The total number of growing degree days Celsius (GDDC_total) is then calculated by multiplying GDDC_daily by the number of days until the first fruits matured:

In [3]:
hothouse_raw = pandas.read_csv('annuum-hothouse-raw.csv')

Gddc_daily = ((hothouse_raw['Day_temp_c'] + hothouse_raw['Night_temp_c']) / 2) - 11.1
hothouse_raw.insert(2, 'Gddc_daily', Gddc_daily)

Gddc_total = hothouse_raw['Gddc_daily'] * hothouse_raw['Days_to_maturity']
hothouse_raw.insert(3, 'Gddc_total', Gddc_total)
hothouse_raw.head(10)

Unnamed: 0,Day_temp_c,Night_temp_c,Gddc_daily,Gddc_total,Days_to_maturity
0,18.5,20.6,8.45,618.54,73.2
1,21.1,15.4,7.15,607.75,85.0
2,21.1,17.8,8.35,667.165,79.9
3,21.1,20.6,9.75,625.95,64.2
4,24.7,14.0,8.25,645.975,78.3
5,24.5,15.0,8.65,543.22,62.8
6,24.5,17.9,10.1,609.03,60.3
7,24.7,20.7,11.6,671.64,57.9
8,27.9,15.4,10.55,731.115,69.3
9,27.9,20.8,13.25,755.25,57.0


Now we can add class labels and concatenate the data into one table:

In [4]:
field_raw['Label'] = 1
hothouse_raw['Label'] = 2

#TODO - Keep hothouse data later to crete synthetic weather reading - this is for demo only
hothouse_raw = hothouse_raw.drop(columns=['Day_temp_c','Night_temp_c', 'Gddc_daily'])
field_raw = field_raw.drop(columns=['Gddf_total'])
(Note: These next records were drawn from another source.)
lemma neighbour_unique_if_card_le_2:
  assumes g: "graph V E" and "card V \<le> 2" "E v x" "E v y"
  shows "x = y"
proof (rule ccontr)
  assume "x \<noteq> y"
  moreover have "v \<noteq> x" "v \<noteq> y"
    using assms(3,4) graph_irrefl[OF g] by metis+
  ultimately have "card {v, x, y} = 3" by simp
  moreover have "{v, x, y} \<subseteq> V"
    using assms(3,4) graph_edgeD[OF g] by auto
  ultimately show False
    using assms(2) card_mono[OF graph_finite[OF g], of "{v, x, y}"] by simp
qed

lemma triangle_free_on_if_card_le_2:
  assumes "graph V E" "card V \<le> 2"
  shows "triangle_free_on S E"
proof -
  have False if "E x y" "E y z" "E x z" for x y z
    using neighbour_unique_if_card_le_2[OF assms that(1,3)] that(2) graph_irrefl[OF assms(1)] by simp
  then show ?thesis unfolding triangle_free_on_def by blast
qed

text \<open>Inside a triangle-free set the out-neighbourhood of a vertex, being a clique, has at most
  one element, so the arcs within S injectively map to their tails.\<close>
lemma card_arcs_within_le_if_one_perfect:
  assumes g: "graph V E" and D: "one_perfect V E D" and "S \<subseteq> V" and tf: "triangle_free_on S E"
  shows "card {(x, y). x \<in> S \<and> y \<in> S \<and> E x y} \<le> 2 * card S"
proof -
  have finS: "finite S" using graph_finite[OF g] \<open>S \<subseteq> V\<close> by (rule finite_subset[rotated])
  define A where "A = {(x, y). x \<in> S \<and> y \<in> S \<and> D x y}"
  have finA: "finite A" unfolding A_def by (rule finite_arcs_within[OF finS])
  have DE: "D x y \<Longrightarrow> E x y" and orient: "E x y \<Longrightarrow> D x y \<longleftrightarrow> \<not> D y x"
    and clique: "v \<in> V \<Longrightarrow> D v x \<Longrightarrow> D v y \<Longrightarrow> x \<noteq> y \<Longrightarrow> E x y" for v x y
    using D unfolding one_perfect_def orientation_def by blast+
  have "inj_on fst A"
  proof (rule inj_onI)
    fix a b assume "a \<in> A" "b \<in> A" "fst a = fst b"
    then obtain x y z where "a = (x, y)" "b = (x, z)" "x \<in> S" "y \<in> S" "z \<in> S" "D x y" "D x z"
      unfolding A_def by auto
    then show "a = b"
      using tf clique[of x y z] DE \<open>S \<subseteq> V\<close> unfolding triangle_free_on_def by blast
  qed
  then have "card A \<le> card S"
    using card_inj_on_le[of fst A S] finS unfolding A_def by force
  have "card {(x, y). x \<in> S \<and> y \<in> S \<and> E x y} \<le> card (A \<union> converse A)"
    by (rule card_mono) (use finA orient in \<open>auto simp: A_def\<close>)
  also have "\<dots> \<le> 2 * card A"
    using card_Un_le[of A "converse A"] by (simp add: card_inverse)
  finally show ?thesis using \<open>card A \<le> card S\<close> by linarith
qed

lemma card_arcs_le_if_one_perfect:
  assumes "graph V E" "one_perfect V E D" "triangle_free_on V E"
  shows "card (arcs E) \<le> 2 * card V"
proof -
  have "arcs E = {(x, y). x \<in> V \<and> y \<in> V \<and> E x y}"
    using graph_edgeD[OF assms(1)] by auto
  then show ?thesis
    using card_arcs_within_le_if_one_perfect[OF assms(1,2) order_refl assms(3)] by simp
qed

section \<open>Orientations with out-degree at most one\<close>

lemma one_perfect_if_right_unique:
  "orientation V E D \<Longrightarrow> right_unique D \<Longrightarrow> one_perfect V E D"
  unfolding one_perfect_def right_unique_def by blast

lemma orientation_arcD: "orientation V E D \<Longrightarrow> D x y \<Longrightarrow> E x y"
  unfolding orientation_def by blast

lemma orientation_antisym: "orientation V E D \<Longrightarrow> D x y \<Longrightarrow> \<not> D y x"
  unfolding orientation_def by blast

text \<open>In a right-unique digraph the walk leaving z is the orbit of a successor function.\<close>
lemma right_unique_closed_walk_periodic:
  assumes "right_unique D" "D\<^sup>+\<^sup>+ z z"
  obtains s k where "0 < k" "(s ^^ k) z = z" "inj_on (\<lambda>i. (s ^^ i) z) {0..<k}"
    "\<And>i. D ((s ^^ i) z) ((s ^^ Suc i) z)"
proof -
  define s where "s x = (SOME y. D x y)" for x
  have succ: "D x y \<Longrightarrow> s x = y" for x y
    using assms(1) unfolding s_def right_unique_def by (metis someI)
  have returns: "D\<^sup>+\<^sup>+ ((s ^^ i) z) z" for i
  proof (induction i)
    case (Suc i)
    then obtain y where "D ((s ^^ i) z) y" "D\<^sup>*\<^sup>* y z"
      by (auto dest: tranclpD)
    then show ?case
      using succ \<open>D\<^sup>+\<^sup>+ z z\<close> by (auto dest: rtranclpD)
  qed (simp add: \<open>D\<^sup>+\<^sup>+ z z\<close>)
  have arc: "D ((s ^^ i) z) ((s ^^ Suc i) z)" for i
    using returns[of i] succ by (auto dest!: tranclpD)
  have "D\<^sup>+\<^sup>+ z y \<Longrightarrow> \<exists>n>0. y = (s ^^ n) z" for y
  proof (induction rule: tranclp_induct)
    case (base y)
    then show ?case using succ by (intro exI[of _ 1]) simp
  next
    case (step y y')
    then obtain n where "n > 0" "y = (s ^^ n) z" by blast
    then show ?case using succ[OF \<open>D y y'\<close>] by (intro exI[of _ "Suc n"]) simp
  qed
  then have "z \<in> orbit s z"
    using \<open>D\<^sup>+\<^sup>+ z z\<close> by (auto simp: orbit_altdef)
  show thesis
  proof (rule that[of "funpow_dist1 s z z" s])
    show "(s ^^ funpow_dist1 s z z) z = z"
      by (rule funpow_dist1_prop[OF \<open>z \<in> orbit s z\<close>])
    show "inj_on (\<lambda>i. (s ^^ i) z) {0..<funpow_dist1 s z z}"
      by (rule inj_on_funpow_dist1[OF \<open>z \<in> orbit s z\<close>])
    show "D ((s ^^ i) z) ((s ^^ Suc i) z)" for i
      by (rule arc)
  qed simp
qed

lemma cycle_if_tranclp_self:
  assumes D: "orientation V E D" "right_unique D" and irrefl: "\<And>x. \<not> E x x"
    and "D\<^sup>+\<^sup>+ z z"
  shows "\<exists>c. is_cycle E c"
proof -
  obtain s k where "0 < k" and period: "(s ^^ k) z = z" and inj: "inj_on (\<lambda>i. (s ^^ i) z) {0..<k}"
    and arc: "\<And>i. D ((s ^^ i) z) ((s ^^ Suc i) z)"
    using right_unique_closed_walk_periodic[OF D(2) \<open>D\<^sup>+\<^sup>+ z z\<close>] by blast
  have "k \<noteq> 1"
  proof
    assume "k = 1"
    then have "D z z" using period arc[of 0] by simp
    then show False using irrefl orientation_arcD[OF D(1)] by blast
  qed
  moreover have "k \<noteq> 2"
  proof
    assume "k = 2"
    then have "D z (s z)" "D (s z) z" using period arc[of 0] arc[of 1] by (simp_all add: numeral_2_eq_2)
    then show False using orientation_antisym[OF D(1)] by blast
  qed
  ultimately have "k \<ge> 3" using \<open>0 < k\<close> by linarith
  define c where "c = map (\<lambda>i. (s ^^ i) z) [0..<k]"
  have "c ! ((i + 1) mod k) = (s ^^ Suc i) z" if "i < k" for i
    using that period by (cases "Suc i = k") (auto simp: c_def)
  then have "is_cycle E c"
    using \<open>k \<ge> 3\<close> inj arc orientation_arcD[OF D(1)]
    unfolding is_cycle_def by (auto simp: c_def distinct_map)
  then show ?thesis by blast
qed

text \<open>Vertices reachable from u are linearly ordered by reachability, so of two arcs into x
  from such vertices the earlier one would close a directed cycle.\<close>
lemma right_unique_acyclic_pred_unique:
  assumes D: "right_unique D" and acyclic: "\<And>x. \<not> D\<^sup>+\<^sup>+ x x"
    and "D\<^sup>*\<^sup>* u y" "D\<^sup>*\<^sup>* u z" "D y x" "D z x"
  shows "y = z"
proof -
  have along_walk: "a = b" if "D\<^sup>*\<^sup>* a b" "D a x" "D b x" for a b
  proof (rule ccontr)
    assume "a \<noteq> b"
    then obtain a' where "D a a'" "D\<^sup>*\<^sup>* a' b"
      using \<open>D\<^sup>*\<^sup>* a b\<close> by (metis converse_rtranclpE)
    then have "a' = x"
      using \<open>D a x\<close> D unfolding right_unique_def by blast
    then have "D\<^sup>+\<^sup>+ x x"
      using \<open>D\<^sup>*\<^sup>* a' b\<close> \<open>D b x\<close> by (metis rtranclp_into_tranclp1)
    then show False using acyclic by blast
  qed
  have "D\<^sup>*\<^sup>* y z \<or> D\<^sup>*\<^sup>* z y"
    by (rule single_valued_confluent[to_pred, OF D assms(3,4)])
  then show ?thesis
    using along_walk assms(5,6) by metis
qed
(* Let $i,j$ be integers with $0\leq j\leq i$. Then $$\sum_{\lambda\in O(i,j)}(-1)^{ol(\lambda)}\,q^{|\lambda|+ol(\lambda)\,(i-\ell(\lambda)+1)}\,q^{(i-\ell(\lambda))(j-\ell(\lambda))}=1,$$ where $O(i,j)$ is the set of overpartitions defined in the context.
   Context: An overpartition with $k$ nonnegative parts is a sequence $\lambda=(\lambda_1,\dots,\lambda_k)$ of integers with $\lambda_1\geq\cdots\geq\lambda_k\geq 0$ in which the first occurrence (leftmost position) of each value may or may not be marked as "overlined" (the value $0$ may also be overlined); thus overlined parts have distinct values. Its size is $|\lambda|=\sum_r\lambda_r$, its length $\ell(\lambda)=k$ counts all parts including zeros, and $ol(\lambda)$ is the number of overlined parts. For $0\leq k\leq j$, $O(i,j,k)$ denotes the set of overpartitions $\lambda$ with exactly $k$ nonnegative parts such that (1) every part is at most $j-1$; and (2) when $k\geq 2$, for each $1\leq s\leq k-1$ and each position $r$ with $\lambda_r=j-s$, at least $k-s$ of the parts $\lambda_{r+1},\dots,\lambda_k$ are overlined. (The paper views each overline of an element of $O(i,j,k)$ as carrying weight $w(\lambda)=i-k+1$; this appears as the factor $i-\ell(\lambda)+1$ in the exponent.) $O(i,0,0)$ consists only of the empty partition, and $O(i,j)=\biguplus_{k=0}^{j}O(i,j,k)$. *)

theory Defs
  imports Main
begin

text \<open>An overpartition with k nonnegative parts is represented as a list of length k of
pairs (value, overlined).\<close>

type_synonym overpartition = "(nat \<times> bool) list"

definition is_overpartition :: "overpartition \<Rightarrow> bool" where
  "is_overpartition xs \<longleftrightarrow>
     sorted_wrt (\<lambda>a b. fst b \<le> fst a) xs \<and>
     (\<forall>r < length xs. snd (xs ! r) \<longrightarrow> (\<forall>r' < r. fst (xs ! r') \<noteq> fst (xs ! r)))"

definition op_size :: "overpartition \<Rightarrow> nat" where
  "op_size xs = (\<Sum>r<length xs. fst (xs ! r))"

definition op_ol :: "overpartition \<Rightarrow> nat" where
  "op_ol xs = card {r. r < length xs \<and> snd (xs ! r)}"

text \<open>O(i,j,k) (positions 0-indexed: position r has later parts r+1,...,k-1).
The set does not actually depend on i.\<close>
definition O3 :: "nat \<Rightarrow> nat \<Rightarrow> nat \<Rightarrow> overpartition set" where
  "O3 i j k = {xs. is_overpartition xs \<and> length xs = k \<and> k \<le> j \<and>
     (\<forall>r < k. fst (xs ! r) + 1 \<le> j) \<and>
     (2 \<le> k \<longrightarrow> (\<forall>s \<in> {1..k-1}. \<forall>r < k. fst (xs ! r) = j - s \<longrightarrow>
         k - s \<le> card {t. r < t \<and> t < k \<and> snd (xs ! t)}))}"

definition O2 :: "nat \<Rightarrow> nat \<Rightarrow> overpartition set" where
  "O2 i j = (\<Union>k \<in> {0..j}. O3 i j k)"

end

theory Submission
  imports Defs
begin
annuum_raw = pandas.concat([field_raw, hothouse_raw])
annuum_raw.to_csv('annuum_raw.csv',index=False)
annuum_raw.head(14)


Unnamed: 0,Gddc_total,Days_to_maturity,Label
0,1110.0,84.0,1
1,940.0,79.0,1
2,981.666667,73.0,1
3,934.444444,78.0,1
0,618.54,73.2,2
1,607.75,85.0,2
2,667.165,79.9,2
3,625.95,64.2,2
4,645.975,78.3,2
5,543.22,62.8,2


We can use the resulting file **annuum_raw.csv** for further preprocessing and training.

In the next step, we will pull the historical data for the field test and create synthetic weather data for the hothouse crop.

## Bibliography

[^1]: CROPtime by Oregon State University. https://smallfarms.oregonstate.edu/smallfarms/crops/croptime

[^2] Bakker, J. C. (1989). *The effects of temperature on flowering, fruit set and fruit development of glasshouse sweet pepper (Capsicum annuum L.)*. Journal of Horticultural Science, 64(3), 313-320.